CCIPs are becoming more popular as a risk management tool. This can be in
the form of a specific project or a multi-project controlled program. The marketplace
is encouraging this approach by their willingness to consider some CCIP projects
in a more favorable light as compared to OCIPs. Underwriters perceive that the
CCIP project is better able to be controlled through a more effective safety
management and claims mitigation program. In addition, underwriters appear more
comfortable that the contractor has a better ability to control the subcontractors
underneath them. I firmly believe it is still too early in the game to quantify
the results. As more data becomes available we will be in a better position
to move from perception to reality.
One final word with respect to current pricing of controlled insurance programs:
We have seen increases in premiums for all controlled programs.

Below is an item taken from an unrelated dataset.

(* Consider the Polyhedral Clinching Auction run on the modified market as described in the context, with all participants reporting truthfully. At the moment just before the clinching step of any iteration, let $x_i=w(E_i)$ for the current $w$, let $d$ be the current demands, and let $X=\{i\in N: d_i>0\}$. Then for every $S\subseteq X$, $g_{x,d}(S)\ge x^*(S)-x(S)$.
   Context: Market model. Buyers $N_0=\{1,\dots,n\}$, sellers $M=\{1,\dots,m\}$, bipartite edge set $E_0\subseteq N_0\times M$; edge $(i,j)$ written $ij$; for a set $S$ of participants $E_S$ is the set of edges incident to a member of $S$ ($E_i=E_{\{i\}}$); $w(F)=\sum_{e\in F}w_e$. Each seller $j$ has a monotone submodular $f_j:2^{E_j}\to\mathbb R_+$, $f_j(\emptyset)=0$ ($f_j(E_j)$ = her total amount of a homogeneous divisible good). Buyer $i$ has per-unit valuation $v_i>0$ and budget $B_i\ge0$; seller $j$ has per-unit valuation $\rho_j>0$. Modified market. For each seller $j$ add a virtual buyer $n+j$ adjacent only to $j$ with $v_{n+j}=\rho_j$, $B_{n+j}=\infty$; $V=\{n+1,\dots,n+m\}$, $N=\{1,\dots,n+m\}$, $E=E_0\cup\{(n+j)j\}$; extend $f_j$ by $f_j(F)=f_j(E_j)$ if $(n+j)j\in F$, unchanged otherwise; $P_j=\{y\in\mathbb R^{E_j}_+:y(F)\le f_j(F)\ \forall F\}$, $P=\{w\in\mathbb R^E_+:w|_{E_j}\in P_j\ \forall j\}$, $f(S)=\sum_jf_j(S\cap E_j)$. For $i\in N$, $H_i$ is the set of buyers $k$ with $v_k>v_i$, or $v_k=v_i$ and $k<i$; $x^*\in\mathbb R^N_+$ is defined recursively (decreasing valuation, ties by index) by $x^*_i=\min(B_i/v_i,\min_{H\subseteq H_i}\{f(E_{H\cup\{i\}})-x^*(H)\})$ (an optimal liquid-welfare allocation). For $x\in\mathbb R^N_+$, $d\in[0,\infty]^N$ and $S\subseteq N$: $g_{x,d}(S)=\min_{S'\subseteq S}\bigl\{\min_{S'\subseteq S''\subseteq N}\{f(E_{S''})-x(S'')\}+d(S\setminus S')\bigr\}$. Polyhedral Clinching Auction (PCA) with step $\varepsilon>0$: bids $v'_i$ for $i\in N$ (virtual buyer $n+j$ bids seller $j$'s bid), all assumed to be positive integer multiples of $\varepsilon$. State: $w\in\mathbb R^E_+$, payments $p\in\mathbb R^N_+$, revenues $r\in\mathbb R^M_+$, price clocks $c_i$, demands $d_i\in[0,\infty]$; initially $w=0,p=0,r=0$, $c_i=0$, $d_i=\infty$, pointer $l=1$. For $w,d$ let $P_{w,d}=\{y\in\mathbb R^E_+: w+y\in P,\ y(E_k)\le d_k\ \forall k\}$ and for $\xi\in\mathbb R^{E_i}_+$ let $P^i_{w,d}(\xi)=\{u\in\mathbb R^{N\setminus\{i\}}_+:\exists y\in P_{w,d},\ y|_{E_i}=\xi,\ y(E_k)=u_k\ \forall k\ne i\}$. While some $d_i\neq 0$, an iteration does: (1) clinching step: for $i=1,\dots,n+m$ in turn, choose a maximal $\xi_i\in\mathbb R^{E_i}_+$ with $P^i_{w,d}(\xi_i)=P^i_{w,d}(0)$, set $p_i\leftarrow p_i+c_i\xi_i(E_i)$, $w_{ij}\leftarrow w_{ij}+\xi_{ij}$, and reset every demand to $d_k=(B_k-p_k)/c_k$ if $c_k<v'_k$ and $d_k=0$ otherwise ($d_k=\infty$ while $c_k=0$); then $r_j\leftarrow r_j+\sum_{ij\in E_j}c_i\xi_{ij}$; (2) $c_l\leftarrow c_l+\varepsilon$ and $d_l\leftarrow(B_l-p_l)/c_l$ if $c_l<v'_l$, else $d_l\leftarrow0$; (3) advance $l$ cyclically. Truthful reporting means $v'_i=v_i$ for all $i\in N$. *)

theory Defs
  imports Complex_Main "HOL-Library.Extended_Real"
begin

As reported
last year at this time underwriters are still cautious in their pricing and
are offering aggregates rates higher than usual. Expense factors are somewhat
higher this year as well. We are currently seeing primary wrap-up programs being priced at approximately 4–5 percent of construction
value. These percentages are not cast in stone. The high and low ranges may
change based on such factors as project size and type, location, and general
contactor/construction manager.
One thing is sure as we move forward into 2006: While challenges remain for
all participants in the wrap-up arena, wrap-ups will remain a highly viable
solution to those sponsors seeking an avenue to control coverage and cost in
the most advantageous way possible.
Opinions expressed in Expert Commentary articles are those of the author and are
not necessarily held by the author’s employer or IRMI. This article does not purport
to provide legal, accounting, or other professional advice or opinion. If such advice
is needed, consult with your attorney, accountant, or other qualified adviser.